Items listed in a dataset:
════════════════════

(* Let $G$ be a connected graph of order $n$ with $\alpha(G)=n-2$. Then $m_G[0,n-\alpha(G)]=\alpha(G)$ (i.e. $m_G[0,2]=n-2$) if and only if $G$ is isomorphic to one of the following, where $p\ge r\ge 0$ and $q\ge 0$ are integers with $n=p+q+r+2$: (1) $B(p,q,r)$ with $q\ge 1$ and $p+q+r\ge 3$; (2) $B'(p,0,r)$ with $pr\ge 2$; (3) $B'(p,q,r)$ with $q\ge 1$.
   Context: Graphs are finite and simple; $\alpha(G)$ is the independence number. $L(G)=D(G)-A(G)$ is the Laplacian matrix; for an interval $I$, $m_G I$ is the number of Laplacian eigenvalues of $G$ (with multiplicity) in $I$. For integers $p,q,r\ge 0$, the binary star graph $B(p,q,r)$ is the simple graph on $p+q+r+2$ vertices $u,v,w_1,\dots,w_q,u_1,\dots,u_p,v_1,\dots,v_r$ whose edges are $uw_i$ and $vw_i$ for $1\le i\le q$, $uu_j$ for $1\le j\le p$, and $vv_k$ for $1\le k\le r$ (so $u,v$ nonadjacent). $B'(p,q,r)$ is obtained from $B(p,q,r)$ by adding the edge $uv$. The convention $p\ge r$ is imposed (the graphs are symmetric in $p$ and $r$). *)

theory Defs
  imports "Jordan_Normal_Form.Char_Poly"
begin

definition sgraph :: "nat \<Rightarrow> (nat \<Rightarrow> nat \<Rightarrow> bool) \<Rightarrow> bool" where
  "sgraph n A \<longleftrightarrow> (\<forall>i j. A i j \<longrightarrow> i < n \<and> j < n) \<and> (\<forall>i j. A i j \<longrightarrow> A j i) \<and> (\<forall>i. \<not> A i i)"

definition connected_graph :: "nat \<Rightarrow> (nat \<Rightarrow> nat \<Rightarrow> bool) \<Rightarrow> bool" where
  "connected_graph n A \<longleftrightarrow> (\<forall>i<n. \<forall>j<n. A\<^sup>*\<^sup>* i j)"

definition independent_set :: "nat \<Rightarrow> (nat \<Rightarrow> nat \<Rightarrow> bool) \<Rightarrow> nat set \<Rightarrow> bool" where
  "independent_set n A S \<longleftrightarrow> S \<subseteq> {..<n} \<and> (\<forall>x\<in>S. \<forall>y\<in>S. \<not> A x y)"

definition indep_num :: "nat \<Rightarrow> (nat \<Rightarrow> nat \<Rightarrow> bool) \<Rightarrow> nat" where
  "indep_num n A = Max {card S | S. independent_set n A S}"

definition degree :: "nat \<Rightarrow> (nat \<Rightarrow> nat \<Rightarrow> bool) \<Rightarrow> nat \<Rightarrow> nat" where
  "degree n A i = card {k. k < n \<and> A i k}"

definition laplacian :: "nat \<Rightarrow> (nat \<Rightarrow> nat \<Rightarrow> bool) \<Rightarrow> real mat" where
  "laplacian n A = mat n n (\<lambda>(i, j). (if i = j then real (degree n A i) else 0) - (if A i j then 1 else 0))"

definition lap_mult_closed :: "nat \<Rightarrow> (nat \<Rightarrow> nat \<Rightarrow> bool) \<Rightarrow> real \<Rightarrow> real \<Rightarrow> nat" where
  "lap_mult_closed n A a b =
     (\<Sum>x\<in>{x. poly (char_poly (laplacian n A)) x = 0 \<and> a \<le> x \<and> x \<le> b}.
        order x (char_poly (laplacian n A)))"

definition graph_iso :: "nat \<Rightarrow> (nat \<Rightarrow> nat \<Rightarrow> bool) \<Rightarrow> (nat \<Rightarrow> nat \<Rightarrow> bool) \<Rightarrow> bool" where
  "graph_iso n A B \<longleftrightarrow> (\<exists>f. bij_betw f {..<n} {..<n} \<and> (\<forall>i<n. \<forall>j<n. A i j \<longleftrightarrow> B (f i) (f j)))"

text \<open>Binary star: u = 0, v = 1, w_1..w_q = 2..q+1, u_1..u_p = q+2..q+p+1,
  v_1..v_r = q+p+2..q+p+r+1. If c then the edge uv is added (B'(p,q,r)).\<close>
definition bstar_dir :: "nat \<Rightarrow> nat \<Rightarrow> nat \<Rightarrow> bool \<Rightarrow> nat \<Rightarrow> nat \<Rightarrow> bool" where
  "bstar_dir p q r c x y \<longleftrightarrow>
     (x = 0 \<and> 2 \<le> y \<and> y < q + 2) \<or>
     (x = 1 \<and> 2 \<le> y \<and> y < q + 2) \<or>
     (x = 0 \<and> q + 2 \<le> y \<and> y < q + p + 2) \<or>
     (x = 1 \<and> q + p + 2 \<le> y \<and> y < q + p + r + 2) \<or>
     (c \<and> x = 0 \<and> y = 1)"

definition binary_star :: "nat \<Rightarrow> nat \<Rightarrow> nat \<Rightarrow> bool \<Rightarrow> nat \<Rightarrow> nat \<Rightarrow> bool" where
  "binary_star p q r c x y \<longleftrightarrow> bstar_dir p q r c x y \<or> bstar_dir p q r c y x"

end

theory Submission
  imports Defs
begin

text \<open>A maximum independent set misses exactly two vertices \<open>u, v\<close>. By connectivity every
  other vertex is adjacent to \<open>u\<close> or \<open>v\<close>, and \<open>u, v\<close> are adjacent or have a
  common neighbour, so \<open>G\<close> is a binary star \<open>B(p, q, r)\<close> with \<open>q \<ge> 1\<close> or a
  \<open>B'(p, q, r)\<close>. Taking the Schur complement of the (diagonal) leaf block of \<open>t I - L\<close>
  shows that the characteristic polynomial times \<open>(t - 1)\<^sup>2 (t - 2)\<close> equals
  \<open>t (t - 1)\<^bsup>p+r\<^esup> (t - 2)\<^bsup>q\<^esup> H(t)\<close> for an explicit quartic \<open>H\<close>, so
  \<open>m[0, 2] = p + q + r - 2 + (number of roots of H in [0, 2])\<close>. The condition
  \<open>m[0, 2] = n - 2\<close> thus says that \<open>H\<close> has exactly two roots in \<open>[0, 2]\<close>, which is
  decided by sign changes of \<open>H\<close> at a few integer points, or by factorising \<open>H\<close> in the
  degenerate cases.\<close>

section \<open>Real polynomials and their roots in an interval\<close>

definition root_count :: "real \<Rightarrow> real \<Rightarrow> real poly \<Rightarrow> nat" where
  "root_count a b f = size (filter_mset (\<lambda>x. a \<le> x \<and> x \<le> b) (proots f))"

════════════════════

For this exercise, return every line from the data that holds the string "interval".

--- Exercise response ---
   Context: Graphs are finite and simple; $\alpha(G)$ is the independence number. $L(G)=D(G)-A(G)$ is the Laplacian matrix; for an interval $I$, $m_G I$ is the number of Laplacian eigenvalues of $G$ (with multiplicity) in $I$. For integers $p,q,r\ge 0$, the binary star graph $B(p,q,r)$ is the simple graph on $p+q+r+2$ vertices $u,v,w_1,\dots,w_q,u_1,\dots,u_p,v_1,\dots,v_r$ whose edges are $uw_i$ and $vw_i$ for $1\le i\le q$, $uu_j$ for $1\le j\le p$, and $vv_k$ for $1\le k\le r$ (so $u,v$ nonadjacent). $B'(p,q,r)$ is obtained from $B(p,q,r)$ by adding the edge $uv$. The convention $p\ge r$ is imposed (the graphs are symmetric in $p$ and $r$). *)
section \<open>Real polynomials and their roots in an interval\<close>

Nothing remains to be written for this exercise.